## [WORK REQUEST]
Each line below from the one containing "using xs(1) p" through the one containing "xs. 1 \<le>" should be output exactly as it stands, and no other line should appear.

## [SUPPLIED MATERIAL]
lemma admissible_raise_parts: "admissible r xs \<Longrightarrow> admissible r (raise_parts k xs)"
  by (auto simp: admissible_def raise_parts_def successively_map list.pred_map in_M_def wdiff_def
           elim!: successively_mono list.pred_mono_strong)

lemma admissible_lower_parts:
  assumes "admissible r xs" "\<forall>x\<in>set xs. snd x + k \<le> fst x"
  shows "admissible r (lower_parts k xs)"
  using assms
  by (induction xs) (auto simp: admissible_Cons lower_parts_def in_M_def wdiff_def hd_map)

lemma length_le_list_weight: "admissible r xs \<Longrightarrow> length xs \<le> list_weight xs"
  by (induction xs) (auto simp: admissible_Cons list_weight_def in_M_def)

(* The value plus the index of the parts increases along an admissible list, as r >= -1 and
   indices are positive. *)
lemma admissible_tail_gap:
  assumes "admissible r (a # xs)" "r \<ge> -1" "x \<in> set xs"
  shows "int (fst a + snd a) + r \<le> int (fst x) - int (snd x)"
  using assms
proof (induction xs arbitrary: a)
  case (Cons b xs)
  have "int (fst a + snd a) + r \<le> int (fst b) - int (snd b)"
    using Cons.prems(1) by (simp add: admissible_Cons wdiff_def)
  moreover have "snd b \<ge> 1" and "admissible r (b # xs)"
    using Cons.prems(1) by (auto simp: admissible_Cons in_M_def)
  ultimately show ?case
    using Cons.IH[of b] Cons.prems(2,3) by force
qed simp

lemma admissible_tail_off_diagonal:
  assumes "admissible r (a # xs)" "r \<ge> -1" "x \<in> set xs"
  shows "snd x < fst x"
proof -
  have "1 \<le> snd a" "snd a \<le> fst a" using assms(1) by (auto simp: admissible_Cons in_M_def)
  then show ?thesis using admissible_tail_gap[OF assms] assms(2) by linarith
qed

lemma admissible_strictly_sorted:
  assumes "admissible r xs" "r \<ge> -1"
  shows "sorted_wrt (<) xs"
  using assms
proof (induction xs)
  case (Cons a xs)
  have "a < x" if "x \<in> set xs" for x
  proof -
    have "1 \<le> snd a" "1 \<le> snd x"
      using Cons.prems(1) that by (auto simp: admissible_def list_all_iff in_M_def)
    then have "fst a < fst x"
      using admissible_tail_gap[OF Cons.prems(1,2) that] Cons.prems(2) by linarith
    then show ?thesis by (simp add: less_prod_def)
  qed
  then show ?case
    using Cons by (simp add: admissible_Cons)
qed simp

lemma finite_admissible_weight: "finite {xs. admissible r xs \<and> list_weight xs = N}"
proof (rule finite_subset)
  show "{xs. admissible r xs \<and> list_weight xs = N} \<subseteq> {xs. set xs \<subseteq> {..N} \<times> {..N} \<and> length xs \<le> N}"
  proof (rule subsetI, intro CollectI conjI)
    fix xs assume "xs \<in> {xs. admissible r xs \<and> list_weight xs = N}"
    then have xs: "admissible r xs" "list_weight xs = N" by auto
    show "length xs \<le> N" using length_le_list_weight[OF xs(1)] xs(2) by simp
    show "set xs \<subseteq> {..N} \<times> {..N}"
    proof (rule subsetI)
      fix p assume p: "p \<in> set xs"
      have "fst p \<le> list_weight xs"
        unfolding list_weight_def using p by (simp add: member_le_sum_list)
      moreover have "snd p \<le> fst p"
        using xs(1) p unfolding admissible_def list_all_iff in_M_def by blast
      ultimately show "p \<in> {..N} \<times> {..N}" using xs(2) by (cases p) simp
    qed
  qed
  show "finite {xs. set xs \<subseteq> {..N} \<times> {..N} \<and> length xs \<le> N}"
    by (rule finite_lists_length_le) simp
qed

definition admissible_lists :: "int \<Rightarrow> nat \<Rightarrow> (nat \<times> nat) list set" where
  "admissible_lists r m = {xs. admissible r xs \<and> length xs = m}"

lemma Cons_in_admissible_lists:
  "a # zs \<in> admissible_lists r (Suc m) \<longleftrightarrow>
     in_M a \<and> zs \<in> admissible_lists r m \<and> (zs \<noteq> [] \<longrightarrow> r \<le> wdiff (hd zs) a)"
  by (auto simp: admissible_lists_def admissible_Cons)

lemma admissible_lists_SucE:
  assumes "xs \<in> admissible_lists r (Suc m)"
  obtains a zs where "xs = a # zs"
  using assms by (cases xs) (auto simp: admissible_lists_def)

lemma in_M_hd:
  assumes "xs \<in> admissible_lists r (Suc m)"
  shows "in_M (hd xs)"
proof -
  obtain a zs where "xs = a # zs" using assms by (rule admissible_lists_SucE)
  then show ?thesis using assms by (simp add: Cons_in_admissible_lists)
qed

lemma lower_parts_off_diagonal:
  assumes r: "r \<ge> -1" and xs: "xs \<in> admissible_lists r (Suc m)" and off: "snd (hd xs) < fst (hd xs)"
  shows "lower_parts 1 xs \<in> admissible_lists r (Suc m)"
    and "raise_parts 1 (lower_parts 1 xs) = xs"
    and "list_weight (lower_parts 1 xs) + Suc m = list_weight xs"
proof -
  obtain a zs where xs_eq: "xs = a # zs" using xs by (rule admissible_lists_SucE)
  have gap: "\<forall>x\<in>set xs. snd x + 1 \<le> fst x"
    using xs off admissible_tail_off_diagonal[OF _ r, of a zs]
    by (fastforce simp: xs_eq admissible_lists_def)
  then have pos: "\<forall>x\<in>set xs. 1 \<le> fst x" by fastforce
  show "lower_parts 1 xs \<in> admissible_lists r (Suc m)"
    using xs admissible_lower_parts[OF _ gap] by (simp add: admissible_lists_def)
  show "raise_parts 1 (lower_parts 1 xs) = xs" by (rule raise_lower_parts[OF pos])
  show "list_weight (lower_parts 1 xs) + Suc m = list_weight xs"
    using xs list_weight_lower_parts[OF pos] by (simp add: admissible_lists_def)
qed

## [REPLY TO THE EXERCISE]
        using xs(1) p unfolding admissible_def list_all_iff in_M_def by blast
      ultimately show "p \<in> {..N} \<times> {..N}" using xs(2) by (cases p) simp
    qed
  qed
  show "finite {xs. set xs \<subseteq> {..N} \<times> {..N} \<and> length xs \<le> N}"
    by (rule finite_lists_length_le) simp
qed

definition admissible_lists :: "int \<Rightarrow> nat \<Rightarrow> (nat \<times> nat) list set" where
  "admissible_lists r m = {xs. admissible r xs \<and> length xs = m}"

lemma Cons_in_admissible_lists:
  "a # zs \<in> admissible_lists r (Suc m) \<longleftrightarrow>
     in_M a \<and> zs \<in> admissible_lists r m \<and> (zs \<noteq> [] \<longrightarrow> r \<le> wdiff (hd zs) a)"
  by (auto simp: admissible_lists_def admissible_Cons)

lemma admissible_lists_SucE:
  assumes "xs \<in> admissible_lists r (Suc m)"
  obtains a zs where "xs = a # zs"
  using assms by (cases xs) (auto simp: admissible_lists_def)

lemma in_M_hd:
  assumes "xs \<in> admissible_lists r (Suc m)"
  shows "in_M (hd xs)"
proof -
  obtain a zs where "xs = a # zs" using assms by (rule admissible_lists_SucE)
  then show ?thesis using assms by (simp add: Cons_in_admissible_lists)
qed

lemma lower_parts_off_diagonal:
  assumes r: "r \<ge> -1" and xs: "xs \<in> admissible_lists r (Suc m)" and off: "snd (hd xs) < fst (hd xs)"
  shows "lower_parts 1 xs \<in> admissible_lists r (Suc m)"
    and "raise_parts 1 (lower_parts 1 xs) = xs"
    and "list_weight (lower_parts 1 xs) + Suc m = list_weight xs"
proof -
  obtain a zs where xs_eq: "xs = a # zs" using xs by (rule admissible_lists_SucE)
  have gap: "\<forall>x\<in>set xs. snd x + 1 \<le> fst x"
    using xs off admissible_tail_off_diagonal[OF _ r, of a zs]
    by (fastforce simp: xs_eq admissible_lists_def)
  then have pos: "\<forall>x\<in>set xs. 1 \<le> fst x" by fastforce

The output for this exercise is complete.